An Interactive Participatory Performance
Commissioned Artwork, Onassis Public Benefit Foundation, Heraklion (GR)
Custom-built multitouch tabletop, software development, media design
2012
Custom-built multitouch tabletop, software development, media design
2012
The Politics of Media Governance is an interactive media installation that interrogates how systems of control, participation, and agency manifest within hybrid environments. Commissioned in 2012 by the Onassis Public Benefit Foundation, the work invites users into a dynamic, real-time performance where the abstract and tangible intertwine — physically, digitally, and politically.
At its core lies a custom-built multitouch tabletop, engineered using back-screen projection and infrared tracking technology. The interface is augmented with physical objects embedded with fiducial markers — each symbolically coded to represent various facets of contemporary governance: censorship, transparency, freedom, surveillance, and authority. These tangible markers are not merely triggers, but provocations; they anchor a gestural vocabulary that transforms the audience into co-authors of a continuously evolving social landscape.
Each action on the tabletop triggers immediate visual and sonic feedback. As users move the objects, the system translates their gestures into evolving audiovisual responses. These interactions simulate how governance operates — reactive, unpredictable, and shaped by collective input. The installation rejects the idea of media as passive. It presents it as a system of influence, where control, surveillance, and freedom are constantly negotiated through interaction. It is not a solitary experience. The tabletop becomes a shared interface, where one user’s decision alters the environment for others. This reveals how individual agency operates within a larger, interdependent system, highlighting the social and political stakes of participation.

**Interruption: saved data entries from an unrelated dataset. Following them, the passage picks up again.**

lemma cart_entry_witness_symz_Cons:
  assumes "p < CARD('n)" "q < CARD('n)"
  shows "cart_entry (witness_symz m l :: real^'n^'n) p q =
    (if m = 0 \<and> l = 0 then of_bool (p = q)
     else (if 0 < m then real p * cart_entry (witness_symz (m - 1) l :: real^'n^'n) p q else 0)
        + (if 0 < l
           then (if 0 < p then cart_entry (witness_symz m (l - 1) :: real^'n^'n) (p - 1) q else 0)
              - (if p + 1 < CARD('n)
                 then cart_entry (witness_symz m (l - 1) :: real^'n^'n) (p + 1) q else 0)
           else 0))"
  using assms
  by (subst symz_Cons)
    (auto simp: cart_entry_ramp_diag_mult cart_entry_skew_shift_mult
      Finite_Cartesian_Product.mat_def from_index_eq_iff)

lemma cart_entry_witness_symz_snoc:
  assumes "p < CARD('n)" "q < CARD('n)"
  shows "cart_entry (witness_symz m l :: real^'n^'n) p q =
    (if m = 0 \<and> l = 0 then of_bool (p = q)
     else (if 0 < m then cart_entry (witness_symz (m - 1) l :: real^'n^'n) p q * real q else 0)
        + (if 0 < l
           then (if q + 1 < CARD('n)
                 then cart_entry (witness_symz m (l - 1) :: real^'n^'n) p (q + 1) else 0)
              - (if 0 < q then cart_entry (witness_symz m (l - 1) :: real^'n^'n) p (q - 1) else 0)
           else 0))"
  using assms
  by (subst symz_snoc)
    (auto simp: cart_entry_mult_ramp_diag cart_entry_mult_skew_shift
      Finite_Cartesian_Product.mat_def from_index_eq_iff)

text \<open>Each letter \<open>N\<close> moves an entry at most one step off the diagonal.\<close>
lemma cart_entry_witness_symz_below_band:
  assumes "p < CARD('n)" "q < CARD('n)" "q + l < p"
  shows "cart_entry (witness_symz m l :: real^'n^'n) p q = 0"
  using assms
proof (induction "m + l" arbitrary: m l p rule: less_induct)
  case less
  then show ?case
    by (subst cart_entry_witness_symz_Cons) (auto intro!: less.hyps)
qed

lemma cart_entry_witness_symz_0_subdiag:
  "q + l < CARD('n) \<Longrightarrow> cart_entry (witness_symz 0 l :: real^'n^'n) (q + l) q = 1"
proof (induction l)
  case (Suc l)
  then show ?case
    by (subst cart_entry_witness_symz_Cons)
      (auto simp: cart_entry_witness_symz_below_band)
qed (simp add: Finite_Cartesian_Product.mat_def)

The Politics of Media Governance ultimately functions as both a critique and a proposition. It critiques systems that govern how we see, hear, and act in the mediated world, while proposing an alternative—an arena where meaning emerges through open-ended interaction, symbolic play, and collaborative negotiation. By embedding these dynamics in an artistically constructed ecosystem, the work offers a space to rethink participation, not just in art, but in the broader architectures of society.